В соответствии с положениями указа Столыпина за хозяином оставались все участки общинной земли, находившиеся в его пользовании в течение времени, прошедшего с момента последнего передела. Причём, эти участки, отходили крестьянину в собственность. На практике же, от которой обычно законотворцы бывают очень далеки, так как очень высоко летают над землёй, всё обстояло не совсем так, как на бумаге или скорее совсем ни так.

Второй, потрясшей Михаила Ивановича новостью, явился закон Сталыпина о введении военно-полевых судов, состоящих из военных офицеров. По сути это были трибуналы, причём даже для гражданских лиц, уличённых в преступлениях против власти и даже тяжких уголовных преступлениях. Выслушав все новости, прочтённые ему сыном Андреем из уже прошлогодних газет, переданных с приезжими односельчанами из города, Михаил Иванович так отреагировал:

– Что ж это теперь делается, люди добрые! За всё расстрел или может быть виселица? По энтому закону полагается смертная казнь, хоть душегубу, хоть разбойнику, а хоть просто человеку недовольному тем, что его нагло дурят или он скажем прочитал чего запрещенного, или просто сказал в сердцах про власть чего-нибудь не то? Это что же у нас теперь опричнина что ли?! Да и опричники то с боярами в основном расправлялись, а тут похоже всё на простой народ направлено, на нас?
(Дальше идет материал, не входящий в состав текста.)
(* Let $(G,k)$ be an instance of PITVD, let $S\subseteq V(G)$ be such that $G-S$ is a simple (prop-int, tree)-graph, let $V_1$ be the set of vertices of the connected components of $G-S$ that contain a cycle, and fix a clique partition $\mathcal{K}$ of $G[V_1]$ obtained from a proper interval ordering. Let $C$ be a connected component of $G[V_1]$ and $\mathcal{K}_C$ the set of cliques of $\mathcal{K}$ contained in $C$. If a vertex $v\in S$ is adjacent to a vertex of each of at least $6k+5$ distinct cliques of $\mathcal{K}_C$, then $(G,k)$ is a yes-instance of PITVD if and only if $(G-v,k-1)$ is a yes-instance of PITVD.
   Context: PITVD: the input is an undirected multigraph $G$ (no self-loops) and an integer $k$; the question is whether there exists $X\subseteq V(G)$ with $|X|\le k$ such that $G-X$ is a simple graph and every connected component of $G-X$ is a proper interval graph or a tree. A simple graph is a (prop-int, tree)-graph if each component is a proper interval graph or a tree. A proper interval graph has a representation by closed unit-length intervals $I_u=[\mathrm{lp}_u,\mathrm{rp}_u]$, adjacency meaning intersection; a proper interval ordering is an ordering $v_1,\dots,v_n$ of the vertices with $\mathrm{lp}_{v_1}<\dots<\mathrm{lp}_{v_n}$. The clique partition from such an ordering is built greedily: $K_1$ consists of $v_1$ and all vertices $v_i$ whose left endpoint lies in $I_{v_1}$ (a prefix $v_1,\dots,v_i$ of the ordering); remove $K_1$ and repeat on the remaining ordered vertices to get $K_2$, and so on, giving the sequence $\mathcal{K}=(K_1,\dots,K_t)$. *)

theory Defs
  imports Complex_Main
begin

text \<open>A finite undirected multigraph without self-loops is a pair (V, m) of a vertex set V
and an edge-multiplicity function m (m u v = number of edges between u and v).\<close>

type_synonym 'a mgraph = "'a set \<times> ('a \<Rightarrow> 'a \<Rightarrow> nat)"

definition multigraph :: "'a mgraph \<Rightarrow> bool" where
  "multigraph G \<longleftrightarrow> finite (fst G) \<and> (\<forall>u v. snd G u v = snd G v u)
     \<and> (\<forall>v. snd G v v = 0) \<and> (\<forall>u v. 0 < snd G u v \<longrightarrow> u \<in> fst G \<and> v \<in> fst G)"

definition adj :: "'a mgraph \<Rightarrow> 'a \<Rightarrow> 'a \<Rightarrow> bool" where
  "adj G u v \<longleftrightarrow> 0 < snd G u v"

definition del_vs :: "'a mgraph \<Rightarrow> 'a set \<Rightarrow> 'a mgraph" where
  "del_vs G X = (fst G - X, \<lambda>u v. if u \<in> X \<or> v \<in> X then 0 else snd G u v)"

definition induced :: "'a mgraph \<Rightarrow> 'a set \<Rightarrow> 'a mgraph" where
  "induced G W = del_vs G (fst G - W)"

definition simple_mg :: "'a mgraph \<Rightarrow> bool" where
  "simple_mg G \<longleftrightarrow> (\<forall>u v. snd G u v \<le> 1)"

definition reach_in :: "'a mgraph \<Rightarrow> 'a set \<Rightarrow> 'a \<Rightarrow> 'a \<Rightarrow> bool" where
  "reach_in G W = (\<lambda>x y. x \<in> W \<and> y \<in> W \<and> adj G x y)\<^sup>*\<^sup>*"

definition connected_in :: "'a mgraph \<Rightarrow> 'a set \<Rightarrow> bool" where
  "connected_in G W \<longleftrightarrow> W \<noteq> {} \<and> (\<forall>x\<in>W. \<forall>y\<in>W. reach_in G W x y)"

definition components :: "'a mgraph \<Rightarrow> 'a set set" where
  "components G = {{y. reach_in G (fst G) x y} | x. x \<in> fst G}"

definition has_cycle_in :: "'a mgraph \<Rightarrow> 'a set \<Rightarrow> bool" where
  "has_cycle_in G W \<longleftrightarrow> (\<exists>xs. 3 \<le> length xs \<and> distinct xs \<and> set xs \<subseteq> W
      \<and> (\<forall>i. Suc i < length xs \<longrightarrow> adj G (xs ! i) (xs ! Suc i))
      \<and> adj G (last xs) (hd xs))"

definition is_tree_on :: "'a mgraph \<Rightarrow> 'a set \<Rightarrow> bool" where
  "is_tree_on G W \<longleftrightarrow> connected_in G W \<and> \<not> has_cycle_in G W"

text \<open>lp is a unit interval representation (intervals [lp u, lp u + 1]) of the subgraph
induced by W.\<close>
definition unit_interval_rep :: "'a mgraph \<Rightarrow> 'a set \<Rightarrow> ('a \<Rightarrow> real) \<Rightarrow> bool" where
  "unit_interval_rep G W lp \<longleftrightarrow>
     (\<forall>u\<in>W. \<forall>w\<in>W. u \<noteq> w \<longrightarrow> (adj G u w \<longleftrightarrow> \<bar>lp u - lp w\<bar> \<le> 1))"

definition prop_int_on :: "'a mgraph \<Rightarrow> 'a set \<Rightarrow> bool" where
  "prop_int_on G W \<longleftrightarrow> (\<exists>lp. unit_interval_rep G W lp)"

definition pit_graph :: "'a mgraph \<Rightarrow> bool" where
  "pit_graph G \<longleftrightarrow> (\<forall>C\<in>components G. prop_int_on G C \<or> is_tree_on G C)"

definition pitvd_yes :: "'a mgraph \<Rightarrow> int \<Rightarrow> bool" where
  "pitvd_yes G k \<longleftrightarrow> (\<exists>X. X \<subseteq> fst G \<and> int (card X) \<le> k
      \<and> simple_mg (del_vs G X) \<and> pit_graph (del_vs G X))"

text \<open>Greedy clique partition w.r.t. a proper interval ordering given by left endpoints lp.\<close>
inductive greedy_cp :: "('a \<Rightarrow> real) \<Rightarrow> 'a set \<Rightarrow> 'a set list \<Rightarrow> bool" for lp where
  Nil: "greedy_cp lp {} []"
| Cons: "v \<in> W \<Longrightarrow> (\<forall>u\<in>W. lp v \<le> lp u) \<Longrightarrow> K = {u \<in> W. lp v \<le> lp u \<and> lp u \<le> lp v + 1}
     \<Longrightarrow> greedy_cp lp (W - K) Ks \<Longrightarrow> greedy_cp lp W (K # Ks)"

end

theory Submission
  imports Defs
begin

(* Suppose a solution X of size at most k avoids v, and pick one neighbour of v in each of
   the cliques of K_C that v sees. The greedy partition puts any three vertices whose left
   endpoints lie in a unit interval into at most two cliques, so no three chosen neighbours
   do. Sorted by left endpoint and cut into k + 1 blocks of five (5(k + 1) <= 6k + 5), they
   contain a block spanning a stretch of C that X misses. Its first, middle and last vertices
   a, b, c are pairwise nonadjacent neighbours of v, and as C is a connected unit interval
   graph, the vertices of C between a and c form a path from a to c. So the component of v in
   G - X contains a cycle through v and the claw with centre v and leaves a, b, c: it is
   neither a tree nor a proper interval graph. *)

lemma fst_del_vs [simp]: "fst (del_vs G X) = fst G - X"
  by (simp add: del_vs_def)

lemma adj_del_vs: "adj (del_vs G X) u w \<longleftrightarrow> u \<notin> X \<and> w \<notin> X \<and> adj G u w"
  by (auto simp: adj_def del_vs_def)

lemma del_vs_del_vs: "del_vs (del_vs G A) B = del_vs G (A \<union> B)"
  unfolding del_vs_def by (auto intro!: ext)

lemma multigraph_del_vs: "multigraph G \<Longrightarrow> multigraph (del_vs G X)"
  by (auto simp: multigraph_def del_vs_def)

lemma adj_sym: "multigraph G \<Longrightarrow> adj G u w \<Longrightarrow> adj G w u"
  by (metis adj_def multigraph_def)

lemma adj_in_fst: "multigraph G \<Longrightarrow> adj G u w \<Longrightarrow> u \<in> fst G \<and> w \<in> fst G"
  by (metis adj_def multigraph_def)

lemma fst_induced: "fst (induced G U) = fst G \<inter> U"
  by (auto simp: induced_def)

lemma adj_induced: "u \<in> U \<Longrightarrow> w \<in> U \<Longrightarrow> adj (induced G U) u w \<longleftrightarrow> adj G u w"
  by (simp add: induced_def adj_del_vs)

lemma unit_interval_rep_of_induced:
  "unit_interval_rep (induced G U) U l \<Longrightarrow> W \<subseteq> U \<Longrightarrow> unit_interval_rep G W l"
  unfolding unit_interval_rep_def by (auto simp: adj_induced subsetD)

lemma connected_in_induced:
  assumes "W \<subseteq> U"
  shows "connected_in (induced G U) W \<longleftrightarrow> connected_in G W"
proof -
  have "reach_in (induced G U) W = reach_in G W"
    unfolding reach_in_def using assms
    by (intro arg_cong[where f = rtranclp] ext) (auto simp: adj_induced subsetD)
  then show ?thesis by (simp add: connected_in_def)
qed

lemma connected_in_crossing_edge:
  assumes "connected_in G W" "x \<in> W" "y \<in> W" "P x" "\<not> P y"
  shows "\<exists>a\<in>W. \<exists>b\<in>W. adj G a b \<and> P a \<and> \<not> P b"
proof -
  have "reach_in G W x y" using assms(1-3) by (simp add: connected_in_def)
  then show ?thesis using assms(4,5) unfolding reach_in_def
    by (induction rule: rtranclp_induct) auto
qed

lemma components_subset: "D \<in> components H \<Longrightarrow> D \<subseteq> fst H"
  unfolding components_def reach_in_def
  by (auto elim: rtranclp.cases)

lemma components_adj_closed:
  assumes "multigraph H" "D \<in> components H" "x \<in> D" "adj H x y"
  shows "y \<in> D"
  using assms adj_in_fst[OF assms(1,4)]
  by (auto simp: components_def reach_in_def intro: rtranclp.rtrancl_into_rtrancl)

lemma components_connected_in:
  assumes mg: "multigraph H" and D: "D \<in> components H"
  shows "connected_in H D"
proof -
  obtain x where x: "x \<in> fst H" and D_eq: "D = {y. reach_in H (fst H) x y}"
    using D by (auto simp: components_def)
  define R where "R = (\<lambda>a b. a \<in> D \<and> b \<in> D \<and> adj H a b)"
  have "R\<^sup>*\<^sup>* x y" if "reach_in H (fst H) x y" for y
    using that unfolding reach_in_def
  proof (induction rule: rtranclp_induct)
    case (step y z)
    then have "y \<in> D" "z \<in> D"
      by (auto simp: D_eq reach_in_def intro: rtranclp.rtrancl_into_rtrancl)
    with step show ?case by (auto simp: R_def intro: rtranclp.rtrancl_into_rtrancl)
  qed simp
  then have from_x: "R\<^sup>*\<^sup>* x y" if "y \<in> D" for y
    using that D_eq by blast
  have "symp R\<^sup>*\<^sup>*"
    by (rule symp_rtranclp) (auto simp: R_def symp_def intro: adj_sym[OF mg])
  then have "R\<^sup>*\<^sup>* y1 y2" if "y1 \<in> D" "y2 \<in> D" for y1 y2
    using from_x[OF that(1)] from_x[OF that(2)] by (meson rtranclp_trans sympD)
  moreover have "x \<in> D" by (simp add: D_eq reach_in_def)
  ultimately show ?thesis by (auto simp: connected_in_def reach_in_def R_def)
qed

lemma components_induced_connected_in:
  assumes "multigraph G" "C \<in> components (induced G U)"
  shows "connected_in G C"
proof -
  have "multigraph (induced G U)"
    unfolding induced_def by (rule multigraph_del_vs[OF assms(1)])
  then have "connected_in (induced G U) C" using assms(2) by (rule components_connected_in)
  moreover have "C \<subseteq> U" using components_subset[OF assms(2)] by (simp add: fst_induced)
  ultimately show ?thesis by (simp add: connected_in_induced)
qed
– А как ты, сосед, хотел, – подключился, до этого молча сидевший на самом углу стола дымя самокруткой, сосед Александр Петрович Грачёв – давний дружок Михаила Ивановича, – власти народу 1905-й год и все беспорядки, что за этим последовали, вовек не простят. Упустили вожжи царские чиновники тады, так тепереча решили наверстать – всем тугой аркан на шею накинут, «столыпинским галстуком» в народе кличут.

– Это что же это – наряд что ли такой новый или чё? – удивился Михаил Иванович.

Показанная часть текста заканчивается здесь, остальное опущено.